▶ What you should do:
Make a word-for-word copy of the entries below from their first line through the line with "(\<forall>s\<in>S. \<forall>i<\<Delta>1. f", and add nothing.

▶ Data under study:
---*---

definition fair_distribution ::
  "'a set \<Rightarrow> 'b set \<Rightarrow> nat \<Rightarrow> ('a \<Rightarrow> nat \<Rightarrow> 'a) \<Rightarrow> ('a \<Rightarrow> nat \<Rightarrow> 'b) \<Rightarrow> bool" where
  "fair_distribution S T \<Delta>1 L f \<longleftrightarrow>
     (\<forall>s\<in>S. \<forall>i<\<Delta>1. f s i \<in> T) \<and>
     (\<forall>s\<in>S. card (f s ` {..<\<Delta>1}) = \<Delta>1) \<and>
     (\<forall>t\<in>T. card {(s, i). s \<in> S \<and> i < \<Delta>1 \<and> f s i = t} = Delta2 S T \<Delta>1) \<and>
     (\<forall>s1\<in>S. \<forall>s2\<in>S. \<forall>i1<\<Delta>1. \<forall>i2<\<Delta>1.
        (s1, i1) \<noteq> (s2, i2) \<and> L s1 i1 = L s2 i2 \<longrightarrow> f s1 i1 \<noteq> f s2 i2)"

end

theory Submission
  imports Defs
begin

text \<open>Regard the slot \<open>(s, i)\<close>, \<open>i < \<Delta>1\<close>, as an edge from the source \<open>s\<close> to the
  entry \<open>L s i\<close> of its list. Pad every source with \<open>card T - \<Delta>1\<close> further slots and
  join these, in groups of \<open>card T\<close>, to \<open>D\<close> new padding vertices. Properness of the list
  system bounds all degrees of this bipartite multigraph by \<open>card T\<close>, so by Koenig's
  theorem its edges admit a proper colouring with \<open>card T\<close> colours, read as targets.
  Properness of the colouring gives the distinctness conditions of a fair distribution.
  Every source and every padding vertex has degree exactly \<open>card T\<close> and hence sees each
  colour exactly once, so each colour lies on exactly \<open>card S - D = \<Delta>2\<close> genuine slots.\<close>

text \<open>A bipartite multigraph is given by an edge set together with the maps sending
  each edge to its left and to its right endpoint.\<close>

definition proper_edge_colouring ::
  "'e set \<Rightarrow> ('e \<Rightarrow> 'l) \<Rightarrow> ('e \<Rightarrow> 'r) \<Rightarrow> nat \<Rightarrow> ('e \<Rightarrow> nat) \<Rightarrow> bool" where
  "proper_edge_colouring E lft rgt k c \<longleftrightarrow>
     (\<forall>e\<in>E. c e < k) \<and>
     (\<forall>e\<in>E. \<forall>e'\<in>E. e \<noteq> e' \<longrightarrow> (lft e = lft e' \<or> rgt e = rgt e') \<longrightarrow> c e \<noteq> c e')"

definition colour_free :: "'e set \<Rightarrow> ('e \<Rightarrow> 'v) \<Rightarrow> ('e \<Rightarrow> nat) \<Rightarrow> 'v \<Rightarrow> nat \<Rightarrow> bool" where
  "colour_free E p c x a \<longleftrightarrow> (\<forall>e\<in>E. p e = x \<longrightarrow> c e \<noteq> a)"

lemma proper_edge_colouring_less:
  "proper_edge_colouring E lft rgt k c \<Longrightarrow> e \<in> E \<Longrightarrow> c e < k"
  unfolding proper_edge_colouring_def by blast

lemma proper_edge_colouring_eqI:
  "proper_edge_colouring E lft rgt k c \<Longrightarrow> e \<in> E \<Longrightarrow> e' \<in> E \<Longrightarrow> c e = c e' \<Longrightarrow>
    lft e = lft e' \<or> rgt e = rgt e' \<Longrightarrow> e = e'"
  unfolding proper_edge_colouring_def by blast

lemma proper_edge_colouring_commute:
  "proper_edge_colouring E lft rgt k c \<longleftrightarrow> proper_edge_colouring E rgt lft k c"
  unfolding proper_edge_colouring_def by blast

lemma exists_colour_free:
  assumes "finite F" "card {e\<in>F. p e = x} < k"
  shows "\<exists>a<k. colour_free F p c x a"
proof -
  have "card (c ` {e\<in>F. p e = x}) < card {..<k}"
    using card_image_le[of "{e\<in>F. p e = x}" c] assms by simp
  then have "\<not> {..<k} \<subseteq> c ` {e\<in>F. p e = x}"
    using card_mono[of "c ` {e\<in>F. p e = x}" "{..<k}"] assms(1) by auto
  then show ?thesis unfolding colour_free_def by blast
qed

lemma proper_edge_colouring_insert:
  assumes "proper_edge_colouring F lft rgt k c" "a < k"
    and "colour_free F lft c (lft e0) a" "colour_free F rgt c (rgt e0) a"
  shows "proper_edge_colouring (insert e0 F) lft rgt k (c(e0 := a))"
  using assms unfolding proper_edge_colouring_def colour_free_def by auto

lemma proper_edge_colouring_swap:
  assumes c: "proper_edge_colouring E lft rgt k c" and "a < k" "b < k"
    and P: "\<And>e. e \<in> P \<Longrightarrow> c e = a \<or> c e = b"
    and closed: "\<And>e e'. e \<in> P \<Longrightarrow> e' \<in> E \<Longrightarrow> lft e = lft e' \<or> rgt e = rgt e' \<Longrightarrow>
      c e' = a \<or> c e' = b \<Longrightarrow> e' \<in> P"
  shows "proper_edge_colouring E lft rgt k (\<lambda>e. if e \<in> P then (if c e = a then b else a) else c e)"
    (is "proper_edge_colouring E lft rgt k ?c'")
  unfolding proper_edge_colouring_def
proof (intro conjI ballI impI)
  fix e e' assume e: "e \<in> E" "e' \<in> E" "e \<noteq> e'" and adj: "lft e = lft e' \<or> rgt e = rgt e'"
  have ne: "c e \<noteq> c e'" using proper_edge_colouring_eqI[OF c e(1,2) _ adj] e(3) by blast
  show "?c' e \<noteq> ?c' e'"
  proof (cases "e \<in> P"; cases "e' \<in> P")
    assume "e \<in> P" "e' \<in> P"
    then show ?thesis using P[of e] P[of e'] ne by auto
  next
    assume "e \<in> P" "e' \<notin> P"
    then have "c e' \<noteq> a" "c e' \<noteq> b" using closed[of e e'] e(2) adj by blast+
    then show ?thesis using \<open>e \<in> P\<close> \<open>e' \<notin> P\<close> by auto
  next
    assume "e \<notin> P" "e' \<in> P"
    then have "c e \<noteq> a" "c e \<noteq> b" using closed[of e' e] e(1) adj by auto
    then show ?thesis using \<open>e \<notin> P\<close> \<open>e' \<in> P\<close> by auto
  next
    assume "e \<notin> P" "e' \<notin> P"
    then show ?thesis using ne by simp
  qed
next
  fix e assume "e \<in> E"
  then show "?c' e < k" using proper_edge_colouring_less[OF c] \<open>a < k\<close> \<open>b < k\<close> by simp
qed

inductive_set kempe_chain ::
  "'e set \<Rightarrow> ('e \<Rightarrow> 'l) \<Rightarrow> ('e \<Rightarrow> 'r) \<Rightarrow> ('e \<Rightarrow> nat) \<Rightarrow> nat \<Rightarrow> nat \<Rightarrow> 'e \<Rightarrow> 'e set"
  for F lft rgt c a b e1 where
  start: "e1 \<in> kempe_chain F lft rgt c a b e1"
| left_step: "\<lbrakk>e \<in> kempe_chain F lft rgt c a b e1; c e = a; e' \<in> F; c e' = b; lft e' = lft e\<rbrakk>
    \<Longrightarrow> e' \<in> kempe_chain F lft rgt c a b e1"
| right_step: "\<lbrakk>e \<in> kempe_chain F lft rgt c a b e1; c e = b; e' \<in> F; c e' = a; rgt e' = rgt e\<rbrakk>
    \<Longrightarrow> e' \<in> kempe_chain F lft rgt c a b e1"

lemma kempe_chain_subset:
  "e \<in> kempe_chain F lft rgt c a b e1 \<Longrightarrow> e1 \<in> F \<Longrightarrow> c e1 = a \<Longrightarrow> e \<in> F \<and> (c e = a \<or> c e = b)"
  by (induction rule: kempe_chain.induct) auto

lemma kempe_chain_cases:
  assumes "e \<in> kempe_chain F lft rgt c a b e1"
  obtains "e = e1"
  | p where "p \<in> kempe_chain F lft rgt c a b e1" "c p = a" "c e = b" "lft p = lft e"
  | p where "p \<in> kempe_chain F lft rgt c a b e1" "c p = b" "c e = a" "rgt p = rgt e"
  using assms by (induction rule: kempe_chain.induct) (auto intro: kempe_chain.intros)

text \<open>The parity argument: the chain enters a \<open>b\<close>-edge only from an \<open>a\<close>-edge at the
  same left endpoint, so it never touches a left vertex at which \<open>a\<close> is free.\<close>

lemma kempe_chain_avoids_free_left:
  assumes "e \<in> kempe_chain F lft rgt c a b e1" "e1 \<in> F" "c e1 = a"
    and a_free: "colour_free F lft c u a"
  shows "lft e \<noteq> u"
  using assms(1)
proof (cases rule: kempe_chain_cases)
  case 1
  then show ?thesis using a_free assms(2,3) unfolding colour_free_def by blast
next
  case (2 p)
  then have "p \<in> F" using kempe_chain_subset[OF 2(1) assms(2,3)] by blast
  then show ?thesis using a_free 2 unfolding colour_free_def by auto
next
  case 3
  then have "e \<in> F" using kempe_chain_subset[OF assms(1-3)] by blast
  then show ?thesis using a_free 3 unfolding colour_free_def by auto
qed

lemma kempe_chain_backward:
  assumes c: "proper_edge_colouring F lft rgt k c" and e1: "e1 \<in> F" "c e1 = a"
    and b_free: "colour_free F rgt c (rgt e1) b"
    and e: "e \<in> kempe_chain F lft rgt c a b e1" and e': "e' \<in> F"
    and adj: "c e = a \<and> c e' = b \<and> rgt e = rgt e' \<or> c e = b \<and> c e' = a \<and> lft e = lft e'"
  shows "e' \<in> kempe_chain F lft rgt c a b e1"
proof -
  have ab: "a \<noteq> b" using b_free e1 unfolding colour_free_def by blast
  from e show ?thesis
  proof (cases rule: kempe_chain_cases)
    case 1
    then show ?thesis using adj b_free e' e1 ab unfolding colour_free_def by auto
  next
    case (2 p)
    then have "c p = c e'" "lft p = lft e'" using adj ab by auto
    moreover have "p \<in> F" using kempe_chain_subset[OF 2(1) e1] by simp
    ultimately have "p = e'" using proper_edge_colouring_eqI[OF c _ e'] by blast
    then show ?thesis using 2(1) by simp
  next
    case (3 p)
    then have "c p = c e'" "rgt p = rgt e'" using adj ab by auto
    moreover have "p \<in> F" using kempe_chain_subset[OF 3(1) e1] by simp
    ultimately have "p = e'" using proper_edge_colouring_eqI[OF c _ e'] by blast
    then show ?thesis using 3(1) by simp
  qed
qed

lemma kempe_chain_closed:
  assumes c: "proper_edge_colouring F lft rgt k c" and e1: "e1 \<in> F" "c e1 = a"
    and b_free: "colour_free F rgt c (rgt e1) b"
    and e: "e \<in> kempe_chain F lft rgt c a b e1" and e': "e' \<in> F" "c e' = a \<or> c e' = b"
    and adj: "lft e = lft e' \<or> rgt e = rgt e'"
  shows "e' \<in> kempe_chain F lft rgt c a b e1"
proof (cases "e = e'")
  case False
  have "e \<in> F" "c e = a \<or> c e = b" using kempe_chain_subset[OF e e1] by auto
  moreover have "c e \<noteq> c e'"
    using proper_edge_colouring_eqI[OF c _ e'(1) _ adj] \<open>e \<in> F\<close> False by blast
  ultimately consider "c e = a" "c e' = b" | "c e = b" "c e' = a" using e'(2) by auto
  then show ?thesis
  proof cases
    case 1
    show ?thesis
    proof (cases "lft e = lft e'")
      case True
      then show ?thesis using kempe_chain.left_step[OF e 1(1) e'(1) 1(2)] by simp
    qed (use kempe_chain_backward[OF c e1 b_free e e'(1)] 1 adj in simp)
  next
    case 2
    show ?thesis
    proof (cases "rgt e = rgt e'")
      case True
      then show ?thesis using kempe_chain.right_step[OF e 2(1) e'(1) 2(2)] by simp
    qed (use kempe_chain_backward[OF c e1 b_free e e'(1)] 2 adj in simp)
  qed
qed (use e in simp)

text \<open>Swap \<open>a\<close> and \<open>b\<close> along the Kempe chain starting at the \<open>a\<close>-edge at \<open>v\<close>.\<close>

lemma kempe_recolouring:
  assumes c: "proper_edge_colouring F lft rgt k c" and "a < k" "b < k"
    and a_free: "colour_free F lft c u a" and b_free: "colour_free F rgt c v b"
  shows "\<exists>c'. proper_edge_colouring F lft rgt k c' \<and>
    colour_free F lft c' u a \<and> colour_free F rgt c' v a"
proof (cases "colour_free F rgt c v a")
  case True
  then show ?thesis using c a_free by blast
next
  case False
  then obtain e1 where e1: "e1 \<in> F" "c e1 = a" and v: "rgt e1 = v"
    unfolding colour_free_def by blast
  have ab: "a \<noteq> b" using b_free e1 v unfolding colour_free_def by blast
  define P where "P = kempe_chain F lft rgt c a b e1"
  define c' where "c' = (\<lambda>e. if e \<in> P then (if c e = a then b else a) else c e)"
  have P: "c e = a \<or> c e = b" if "e \<in> P" for e
    using kempe_chain_subset[OF that[unfolded P_def] e1] by auto
  have "proper_edge_colouring F lft rgt k c'"
    unfolding c'_def
  proof (rule proper_edge_colouring_swap[OF c \<open>a < k\<close> \<open>b < k\<close> P])
    show "e' \<in> P" if "e \<in> P" "e' \<in> F" "lft e = lft e' \<or> rgt e = rgt e'" "c e' = a \<or> c e' = b"
      for e e'
      using kempe_chain_closed[OF c e1 b_free[folded v]] that unfolding P_def by blast
  qed
  moreover have "colour_free F lft c' u a"
    using a_free kempe_chain_avoids_free_left[OF _ e1 a_free]
    unfolding colour_free_def c'_def P_def by auto
  moreover have "colour_free F rgt c' v a"
    unfolding colour_free_def
  proof (intro ballI impI)
    fix e assume e: "e \<in> F" "rgt e = v"
    have "c e \<noteq> b" using b_free e unfolding colour_free_def by blast
    moreover have "e \<in> P" if "c e = a"
    proof -
      have "e = e1" using proper_edge_colouring_eqI[OF c e(1) e1(1)] that e1(2) e(2) v by simp
      then show ?thesis unfolding P_def by (simp add: kempe_chain.start)
    qed
    ultimately show "c' e \<noteq> a" unfolding c'_def using ab P by auto
  qed
  ultimately show ?thesis by blast
qed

---*---

▶ Reply to the task:
definition fair_distribution ::
  "'a set \<Rightarrow> 'b set \<Rightarrow> nat \<Rightarrow> ('a \<Rightarrow> nat \<Rightarrow> 'a) \<Rightarrow> ('a \<Rightarrow> nat \<Rightarrow> 'b) \<Rightarrow> bool" where
  "fair_distribution S T \<Delta>1 L f \<longleftrightarrow>
     (\<forall>s\<in>S. \<forall>i<\<Delta>1. f s i \<in> T) \<and>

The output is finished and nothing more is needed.